How can Congress fix itself? It should stop trying to fix itself.
Congress has tried to reform itself in the past, usually with good intentions. But few are impressed with the results. That speaks to a need to acknowledge how Congress works.
One of Congress's big problems is that it is more ethical and transparent than most American businesses.
We'll wait for a moment to let that sink in fully.
Yes, Congress is the least popular institution in the United States – less popular than banks, labor unions, or even television news, according to Gallup – in part because attempts to reform it just made things worse, often in unintended ways.
But before we put Congress on a ice floe and shove it out to sea to put it out of its misery, however, consider this: These reforms didn't come for poor motives, necessarily. They simply ran afoul of how Congress actually gets things done. The result is that they have seized up the gears of Congress – or, in the slightly more humorous words of former House Speaker Dennis Hastert, locked Congress “in some isolated dodge-ball game.”
Take the transparency movement that began the 1970s. It opened floor and committee hearings for a noble goal: to open a window to the public on the bargaining on big issues that went on among members.
But what happened? The actual negotiations shifted down to the staff level, where public access is not required. The fact is, it turned out, the lawmaking process is not something suited for klieg lights and television cameras. If every word is being recorded – potentially for use in some future attack ad – then the process devolves into superficial political point-scoring rather than political dealmaking.
As a result, the markup process by which members worked out details of legislation, and which once went on for days, is now handled mainly by staff, out of range of television cameras, press, or public. Conference committees have become mostly mere formalities, if they bother to convene at all.
Here are another few examples of how an attempt to reform Congress for the better has perhaps only made things worse:
Earmarks. Congressional earmarks, or “member projects,” drove tea partyers crazy. Along with early reformers, they called member projects the “gateway drug” to big government spending addiction. Moreover, they resulted in government "pork" that was easy to cartoon, such as tea pot museums or federal studies on no-flush urinals for submarines.
The GOP-controlled House banned earmarks in 2011. Now, the thinking went, legislators would stop wasting all that time on directing funding to one’s state or district and would instead focus on reducing deficits.
How well did that work?
But the fact is, earmarks accounted for less than 1 percent of spending in annual budgets. And there's a reason they were called "pork": They greased the process so that legislators would be willing to make tough decisions. Every budget involves tough decisions. So when earmarks ended, so did much of the leverage that party leaders had in the legislative bargaining process, making it much harder to round up votes on a tough bill or avert a threatened government shutdown.
Deficit spending continues apace, and since earmarks were banned, not a single budget has been passed on time.

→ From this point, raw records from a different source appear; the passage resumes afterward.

(* Let $r\in\mathbb{N}$ be fixed and let $\chi:\mathbb{R}_+\to\mathbb{R}$ be a kernel (in the sense described in the context). Then for every bounded, locally integrable function $f:\mathbb{R}_+\to\mathbb{R}$, $$\lim_{w\to\infty}\left(E_{w,r}^{\chi}f\right)(x)=f(x)$$ holds at every point $x\in\mathbb{R}_+$ at which $f$ is continuous. Furthermore, if $f\in\mathcal{C}(\mathbb{R}_+)$, then $$\lim_{w\to\infty}\left\|E_{w,r}^{\chi}f-f\right\|_\infty=0.$$
   Context: $\mathbb{R}_+=(0,\infty)$. A kernel is a continuous function $\chi:\mathbb{R}_+\to\mathbb{R}$ such that: (1) $\int_{\mathbb{R}_+}|\chi(x)|\frac{dx}{x}<\infty$ and $\chi$ is bounded on $[1/e,e]$; (2) $\sum_{k\in\mathbb{Z}}\chi(e^{-k}u)=1$ for every $u\in\mathbb{R}_+$, and $M_0(\chi):=\sup_{u\in\mathbb{R}_+}\sum_{k\in\mathbb{Z}}|\chi(e^{-k}u)|<+\infty$; (3) $\lim_{\gamma\to\infty}\sum_{|k-\log u|>\gamma}|\chi(e^{-k}u)|=0$ uniformly with respect to $u\in\mathbb{R}_+$. For $r\in\mathbb{N}$, $w>0$ and a locally integrable $f:\mathbb{R}_+\to\mathbb{R}$, the Mellin–Steklov exponential sampling operator of order $r$ is $$\left(E_{w,r}^{\chi}f\right)(x):=\sum_{k\in\mathbb{Z}}\chi(e^{-k}x^{w})\, w^{r}\int_1^{e^{1/w}}\!\!\cdots\!\int_1^{e^{1/w}}\sum_{m=1}^{r}(-1)^{1-m}\binom{r}{m}f\!\left(e^{k/w}(t_1\cdots t_r)^{m/r}\right)\frac{dt_1}{t_1}\cdots\frac{dt_r}{t_r},\quad x\in\mathbb{R}_+.$$ $CB(\mathbb{R}_+)$ is the space of bounded continuous functions on $\mathbb{R}_+$ with sup-norm $\|\cdot\|_\infty$. A function $f$ is log-uniformly continuous on $\mathbb{R}_+$ if for every $\varepsilon>0$ there is $\delta>0$ with $|f(u)-f(v)|<\varepsilon$ whenever $|\log u-\log v|\le\delta$, $u,v\in\mathbb{R}_+$. $\mathcal{C}(\mathbb{R}_+)$ denotes the subspace of $CB(\mathbb{R}_+)$ of log-uniformly continuous functions. *)

theory Defs
  imports "HOL-Analysis.Analysis"
begin

text \<open>Kernel (conditions (1)-(3) of the paper). Functions are of type real => real;
only their values on the positive reals matter.\<close>
definition is_kernel :: "(real \<Rightarrow> real) \<Rightarrow> bool" where
  "is_kernel K \<longleftrightarrow>
     continuous_on {0<..} K
   \<and> set_integrable lborel {0<..} (\<lambda>x. K x / x)
   \<and> bounded (K ` {exp (-1)..exp 1})
   \<and> (\<forall>u>0. ((\<lambda>k::int. K (exp (- real_of_int k) * u)) has_sum 1) UNIV)
   \<and> (\<exists>M. \<forall>u>0. (\<lambda>k::int. \<bar>K (exp (- real_of_int k) * u)\<bar>) summable_on UNIV
                 \<and> infsum (\<lambda>k::int. \<bar>K (exp (- real_of_int k) * u)\<bar>) UNIV \<le> M)
   \<and> (\<forall>\<epsilon>>0. \<exists>\<gamma>0. \<forall>\<gamma>\<ge>\<gamma>0. \<forall>u>0.
         infsum (\<lambda>k::int. \<bar>K (exp (- real_of_int k) * u)\<bar>) {k::int. \<bar>real_of_int k - ln u\<bar> > \<gamma>} < \<epsilon>)"

definition locally_integrable_pos :: "(real \<Rightarrow> real) \<Rightarrow> bool" where
  "locally_integrable_pos f \<longleftrightarrow> (\<forall>a b. 0 < a \<longrightarrow> a \<le> b \<longrightarrow> set_integrable lborel {a..b} f)"

definition bounded_pos :: "(real \<Rightarrow> real) \<Rightarrow> bool" where
  "bounded_pos f \<longleftrightarrow> (\<exists>M. \<forall>x>0. \<bar>f x\<bar> \<le> M)"

definition log_uniformly_continuous :: "(real \<Rightarrow> real) \<Rightarrow> bool" where
  "log_uniformly_continuous f \<longleftrightarrow>
     (\<forall>\<epsilon>>0. \<exists>\<delta>>0. \<forall>u>0. \<forall>v>0. \<bar>ln u - ln v\<bar> \<le> \<delta> \<longrightarrow> \<bar>f u - f v\<bar> < \<epsilon>)"

definition C_pos :: "(real \<Rightarrow> real) set" where
  "C_pos = {f. bounded_pos f \<and> continuous_on {0<..} f \<and> log_uniformly_continuous f}"

definition steklov_mean :: "real \<Rightarrow> nat \<Rightarrow> (real \<Rightarrow> real) \<Rightarrow> int \<Rightarrow> real" where
  "steklov_mean w r f k =
     w ^ r * (\<integral>t \<in> PiE {..<r} (\<lambda>_. {1..exp (1 / w)}).
        (\<Sum>m = 1..r. (-1::real) powi (1 - int m) * real (r choose m) *
            f (exp (real_of_int k / w) * (\<Prod>i<r. t i) powr (real m / real r)))
        / (\<Prod>i<r. t i)
      \<partial>(PiM {..<r} (\<lambda>_. lborel)))"

definition mellin_steklov :: "real \<Rightarrow> nat \<Rightarrow> (real \<Rightarrow> real) \<Rightarrow> (real \<Rightarrow> real) \<Rightarrow> real \<Rightarrow> real" where
  "mellin_steklov w r K f x =
     infsum (\<lambda>k::int. K (exp (- real_of_int k) * x powr w) * steklov_mean w r f k) UNIV"

end

theory Submission
  imports Defs
begin

(* If f is uniformly close to z on [e^(k/w), e^((k+r)/w)], then so is the Steklov mean of index k, up
   to the factor sum_m |(-1)^(1-m) (r choose m)|: the weights (-1)^(1-m) (r choose m) sum to 1, the
   nodes e^(k/w) (t_1 ... t_r)^(m/r) lie in that interval, and w^r times the integral of
   dt_1/t_1 ... dt_r/t_r over [1, e^(1/w)]^r is 1. As the kernel values chi(e^(-k) x^w) sum to 1,
   E_w f(x) - f(x) is the chi-weighted sum of the deviations of the Steklov means from f(x). Indices
   with |k - w log x| <= gamma give intervals within log-distance (gamma + r)/w of x, which tends to 0;
   the remaining indices carry small kernel mass by condition (3), uniformly in x, and f is bounded.
   Hence the convergence is uniform on every set of points at which f is log-equicontinuous: a single
   point of continuity, or all of R_+ when f is log-uniformly continuous. *)

lemma integral_inverse_interval:
  fixes a b :: real
  assumes "0 < a" "a \<le> b"
  shows "integrable lborel (\<lambda>s. indicator {a..b} s * (1 / s))"
    and "integral\<^sup>L lborel (\<lambda>s. indicator {a..b} s * (1 / s)) = ln b - ln a"
proof -
  have cont: "continuous_on {a..b} (\<lambda>s::real. 1 / s)"
    using assms by (intro continuous_intros) auto
  show "integrable lborel (\<lambda>s. indicator {a..b} s * (1 / s))"
    using borel_integrable_atLeastAtMost'[OF cont] unfolding set_integrable_def by simp
  have "(ln has_vector_derivative 1 / s) (at s within {a..b})" if "a \<le> s" for s
    unfolding has_real_derivative_iff_has_vector_derivative[symmetric]
    using that assms by (intro has_field_derivative_at_within[OF DERIV_ln_divide]) linarith
  from integral_FTC_atLeastAtMost[OF assms(2) this cont]
  show "integral\<^sup>L lborel (\<lambda>s. indicator {a..b} s * (1 / s)) = ln b - ln a"
    by simp
qed

lemma indicator_PiE_mult_inverse_prod:
  fixes t :: "'i \<Rightarrow> real"
  assumes "t \<in> extensional I" "finite I"
  shows "indicator (PiE I (\<lambda>_. A)) t * (1 / (\<Prod>i\<in>I. t i))
         = (\<Prod>i\<in>I. indicator A (t i) * (1 / t i))"
proof -
  have ind: "(\<Prod>i\<in>I. indicator A (t i) :: real) = indicator (PiE I (\<lambda>_. A)) t"
  proof (cases "t \<in> PiE I (\<lambda>_. A)")
    case True
    then show ?thesis by (auto simp: indicator_def PiE_iff intro!: prod.neutral)
  next
    case False
    then obtain i where "i \<in> I" "t i \<notin> A"
      using assms(1) by (auto simp: PiE_iff)
    with assms(2) have "(\<Prod>i\<in>I. indicator A (t i) :: real) = 0"
      by (intro prod_zero bexI[of _ i]) auto
    then show ?thesis
      using False by simp
  qed
  have "(\<Prod>i\<in>I. indicator A (t i) * (1 / t i))
      = (\<Prod>i\<in>I. indicator A (t i)) * (\<Prod>i\<in>I. 1 / t i)"
    by (rule prod.distrib)
  also have "(\<Prod>i\<in>I. 1 / t i) = 1 / (\<Prod>i\<in>I. t i)"
    by (simp add: prod_dividef)
  finally show ?thesis
    using ind by simp
qed

lemma
  fixes a b :: real
  assumes "0 < a" "a \<le> b" "finite I"
  shows integrable_inverse_prod_box:
      "integrable (PiM I (\<lambda>_. lborel))
         (\<lambda>t. indicator (PiE I (\<lambda>_. {a..b})) t * (1 / (\<Prod>i\<in>I. t i)))"
    and integral_inverse_prod_box:
      "integral\<^sup>L (PiM I (\<lambda>_. lborel))
         (\<lambda>t. indicator (PiE I (\<lambda>_. {a..b})) t * (1 / (\<Prod>i\<in>I. t i))) = (ln b - ln a) ^ card I"
proof -
  interpret product_sigma_finite "\<lambda>_. lborel :: real measure" by standard
  let ?g = "\<lambda>s::real. indicator {a..b} s * (1 / s)"
  let ?F = "\<lambda>t. indicator (PiE I (\<lambda>_. {a..b})) t * (1 / (\<Prod>i\<in>I. t i))"
  have eq: "?F t = (\<Prod>i\<in>I. ?g (t i))" if "t \<in> space (PiM I (\<lambda>_. lborel))" for t
    using that assms(3) indicator_PiE_mult_inverse_prod[of t I "{a..b}"] by (simp add: space_PiM PiE_def)
  have "integrable (PiM I (\<lambda>_. lborel)) (\<lambda>t. \<Prod>i\<in>I. ?g (t i))"
    using assms integral_inverse_interval(1) by (intro product_integrable_prod) auto
  moreover have "integrable (PiM I (\<lambda>_. lborel)) ?F
      \<longleftrightarrow> integrable (PiM I (\<lambda>_. lborel)) (\<lambda>t. \<Prod>i\<in>I. ?g (t i))"
    by (rule Bochner_Integration.integrable_cong[OF refl]) (rule eq)
  ultimately show "integrable (PiM I (\<lambda>_. lborel)) ?F" by blast
  have "integral\<^sup>L (PiM I (\<lambda>_. lborel)) ?F
      = integral\<^sup>L (PiM I (\<lambda>_. lborel)) (\<lambda>t. \<Prod>i\<in>I. ?g (t i))"
    by (rule Bochner_Integration.integral_cong[OF refl]) (rule eq)
  also have "\<dots> = (\<Prod>i\<in>I. integral\<^sup>L lborel ?g)"
    using assms integral_inverse_interval(1) by (intro product_integral_prod) auto
  also have "\<dots> = (ln b - ln a) ^ card I"
    using assms integral_inverse_interval(2) by simp
  finally show "integral\<^sup>L (PiM I (\<lambda>_. lborel)) ?F = (ln b - ln a) ^ card I" .
qed

lemma prod_box_bounds:
  fixes t :: "'i \<Rightarrow> real"
  assumes "1 \<le> c" "t \<in> PiE I (\<lambda>_. {1..c})"
  shows "1 \<le> (\<Prod>i\<in>I. t i)" "(\<Prod>i\<in>I. t i) \<le> c ^ card I"
proof -
  show "1 \<le> (\<Prod>i\<in>I. t i)"
    using assms by (intro prod_ge_1) (auto simp: PiE_iff)
  have "(\<Prod>i\<in>I. t i) \<le> (\<Prod>i\<in>I. c)"
    using assms by (intro prod_mono) (auto simp: PiE_iff)
  then show "(\<Prod>i\<in>I. t i) \<le> c ^ card I" by simp
qed

lemma steklov_node_bounds:
  fixes t :: "nat \<Rightarrow> real" and k :: real
  assumes "0 < w" "t \<in> PiE {..<r} (\<lambda>_. {1..exp (1 / w)})" "1 \<le> m" "m \<le> r"
  shows "exp (k / w) \<le> exp (k / w) * (\<Prod>i<r. t i) powr (real m / real r)"
    and "exp (k / w) * (\<Prod>i<r. t i) powr (real m / real r) \<le> exp ((k + real r) / w)"
proof -
  have lower: "1 \<le> (\<Prod>i<r. t i)" and upper: "(\<Prod>i<r. t i) \<le> exp (1 / w) ^ r"
    using prod_box_bounds[of "exp (1 / w)" t "{..<r}"] assms by auto
  have "1 \<le> (\<Prod>i<r. t i) powr (real m / real r)"
    using lower by (intro ge_one_powr_ge_zero) auto
  then show "exp (k / w) \<le> exp (k / w) * (\<Prod>i<r. t i) powr (real m / real r)"
    by simp
  have "(\<Prod>i<r. t i) powr (real m / real r) \<le> (\<Prod>i<r. t i) powr 1"
    using lower assms by (intro powr_mono) auto
  also have "\<dots> \<le> exp (real r / w)"
    using upper lower by (simp add: exp_of_nat_mult[symmetric])
  finally show "exp (k / w) * (\<Prod>i<r. t i) powr (real m / real r) \<le> exp ((k + real r) / w)"
    by (simp add: add_divide_distrib exp_add)
qed

definition steklov_coeff :: "nat \<Rightarrow> nat \<Rightarrow> real" where
  "steklov_coeff r m = (-1) powi (1 - int m) * real (r choose m)"

lemma steklov_coeff_altdef: "steklov_coeff r m = - ((-1) ^ m * real (r choose m))"
proof -
  have "(-1::real) powi (1 - int m) = (-1) powi 1 * (-1) powi (- int m)"
    by (subst power_int_add[symmetric]) auto
  also have "\<dots> = - inverse ((-1) ^ m)"
    by (simp add: power_int_minus)
  also have "inverse ((-1::real) ^ m) = (-1) ^ m"
    by (cases "even m") auto
  finally show ?thesis
    by (simp add: steklov_coeff_def)
qed

lemma sum_steklov_coeff:
  assumes "1 \<le> r"
  shows "(\<Sum>m=1..r. steklov_coeff r m) = 1"
proof -
  have "0 = (\<Sum>m\<le>r. (-1::real) ^ m * real (r choose m))"
    using choose_alternating_sum[of r] assms by simp
  also have "\<dots> = 1 + (\<Sum>m=1..r. (-1::real) ^ m * real (r choose m))"
    by (simp add: atMost_atLeast0 sum.atLeast_Suc_atMost)
  finally show ?thesis
    by (simp add: steklov_coeff_altdef sum_negf)
qed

Live in your district. When the Republicans swept back into power in the House for the first time in 42 years after 1994 elections, leadership told members not to move their families to Washington, otherwise they will lose contact with their districts and risk being voted out in the next election. Over time, the live-at-home “reform” was also adopted by many Democrats.
The result has been a work week that begins Tuesday afternoon and ends after morning votes on Thursday. The new calendar leaves time for fund-raising in the evenings, but little time for serious committee work and even less for the social networking across the aisle that has long been an element of creative lawmaking on Capitol Hill.
Money in politics. How campaign spending reform wound up where it is now is a complex story. But just consider one outcome of the effort to rein in campaign cash: Spending on the North Carolina US Senate race is on track to top $110 million, much of it spending by outside groups not required to disclose their contributors, making it the most expensive race in US Senate history. If anything, the reform left members more committed to fundraising in a bid to keep up with the threat of surprise spending by so-called dark money groups.
The irony is that, despite all these reforms, Congress's popularity has plummeted. A new Rasmussen Reports survey finds that just eight percent of likely US voters say that Congress is doing a good or excellent job.
Gallup found that most Americans now view most members of Congress as “out of touch” (81 percent), focused on the needs of special interests (69 percent), and corrupt (54 percent), although they tend to see their own member of Congress as not quite so bad.
Sheesh, imagine if members hadn't kept homes in their districts, passed transparency laws, or tried to rein in campaign money.